Stored items from a collection:
========================================================================
lemma (in sublinear_cone) linear_below_above_cone:
  "\<exists>g. linear g \<and> g \<le> p \<and> (\<forall>(w, r)\<in>K. r \<le> g w)"
proof -
  obtain g where g: "linear g" "g \<le> cone_inf p K"
    using linear_below_sublinear[OF sublinear_cone_inf] by blast
  have "g \<le> p" using order_trans[OF le_funD[OF g(2)] cone_inf_le_sublinear] by (rule le_funI)
  moreover have "r \<le> g w" if "(w, r) \<in> K" for w r
    using le_funD[OF g(2), of "- w"] cone_inf_minus_le[OF that] linear_neg[OF g(1), of w] by simp
  ultimately show ?thesis using g(1) by blast
qed

lemma bounded_linear_of_le_norm:
  fixes g :: "'a::real_normed_vector \<Rightarrow> real"
  assumes "linear g" "\<And>x. g x \<le> B * norm x"
  shows "bounded_linear g"
proof (rule bounded_linear_intro[where K = B])
  fix x
  have "- g x \<le> B * norm x" using assms(2)[of "- x"] linear_neg[OF assms(1)] by simp
  then show "norm (g x) \<le> norm x * B" using assms(2)[of x] by (simp add: abs_le_iff mult.commute)
qed (use linear_add[OF assms(1)] linear_scale[OF assms(1)] in auto)

lemma Hahn_Banach_norming:
  fixes p :: "'a::real_normed_vector \<Rightarrow> real"
  assumes p: "sublinear p" and bounded: "\<And>x. p x \<le> B * norm x"
  shows "\<exists>g::'a \<Rightarrow>\<^sub>L real. (\<forall>x. g x \<le> p x) \<and> g z = p z"
proof -
  interpret sublinear_cone p "{(t *\<^sub>R z, t * p z) | t. t \<ge> 0}"
    by (rule sublinear_cone_ray[OF p])
  obtain g where g: "linear g" "g \<le> p" "\<forall>(w, r)\<in>{(t *\<^sub>R z, t * p z) | t. t \<ge> 0}. r \<le> g w"
    using linear_below_above_cone by blast
  have "p z \<le> g z" using g(3) by (force intro: exI[of _ 1])
  then have "g z = p z" using le_funD[OF g(2), of z] by simp
  moreover have "bounded_linear g"
    using g(1) le_funD[OF g(2)] bounded by (blast intro: bounded_linear_of_le_norm order_trans)
  ultimately show ?thesis
    using g(2) by (intro exI[of _ "Blinfun g"]) (simp add: bounded_linear_Blinfun_apply le_fun_def)
qed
========================================================================
■ **What you will do**: Nothing is to be altered; retype each entry exactly.

■ **Task output**:
lemma (in sublinear_cone) linear_below_above_cone:
  "\<exists>g. linear g \<and> g \<le> p \<and> (\<forall>(w, r)\<in>K. r \<le> g w)"
proof -
  obtain g where g: "linear g" "g \<le> cone_inf p K"
    using linear_below_sublinear[OF sublinear_cone_inf] by blast
  have "g \<le> p" using order_trans[OF le_funD[OF g(2)] cone_inf_le_sublinear] by (rule le_funI)
  moreover have "r \<le> g w" if "(w, r) \<in> K" for w r
    using le_funD[OF g(2), of "- w"] cone_inf_minus_le[OF that] linear_neg[OF g(1), of w] by simp
  ultimately show ?thesis using g(1) by blast
qed

lemma bounded_linear_of_le_norm:
  fixes g :: "'a::real_normed_vector \<Rightarrow> real"
  assumes "linear g" "\<And>x. g x \<le> B * norm x"
  shows "bounded_linear g"
proof (rule bounded_linear_intro[where K = B])
  fix x
  have "- g x \<le> B * norm x" using assms(2)[of "- x"] linear_neg[OF assms(1)] by simp
  then show "norm (g x) \<le> norm x * B" using assms(2)[of x] by (simp add: abs_le_iff mult.commute)
qed (use linear_add[OF assms(1)] linear_scale[OF assms(1)] in auto)

lemma Hahn_Banach_norming:
  fixes p :: "'a::real_normed_vector \<Rightarrow> real"
  assumes p: "sublinear p" and bounded: "\<And>x. p x \<le> B * norm x"
  shows "\<exists>g::'a \<Rightarrow>\<^sub>L real. (\<forall>x. g x \<le> p x) \<and> g z = p z"
proof -
  interpret sublinear_cone p "{(t *\<^sub>R z, t * p z) | t. t \<ge> 0}"
    by (rule sublinear_cone_ray[OF p])
  obtain g where g: "linear g" "g \<le> p" "\<forall>(w, r)\<in>{(t *\<^sub>R z, t * p z) | t. t \<ge> 0}. r \<le> g w"
    using linear_below_above_cone by blast
  have "p z \<le> g z" using g(3) by (force intro: exI[of _ 1])
  then have "g z = p z" using le_funD[OF g(2), of z] by simp
  moreover have "bounded_linear g"
    using g(1) le_funD[OF g(2)] bounded by (blast intro: bounded_linear_of_le_norm order_trans)
  ultimately show ?thesis
    using g(2) by (intro exI[of _ "Blinfun g"]) (simp add: bounded_linear_Blinfun_apply le_fun_def)
qed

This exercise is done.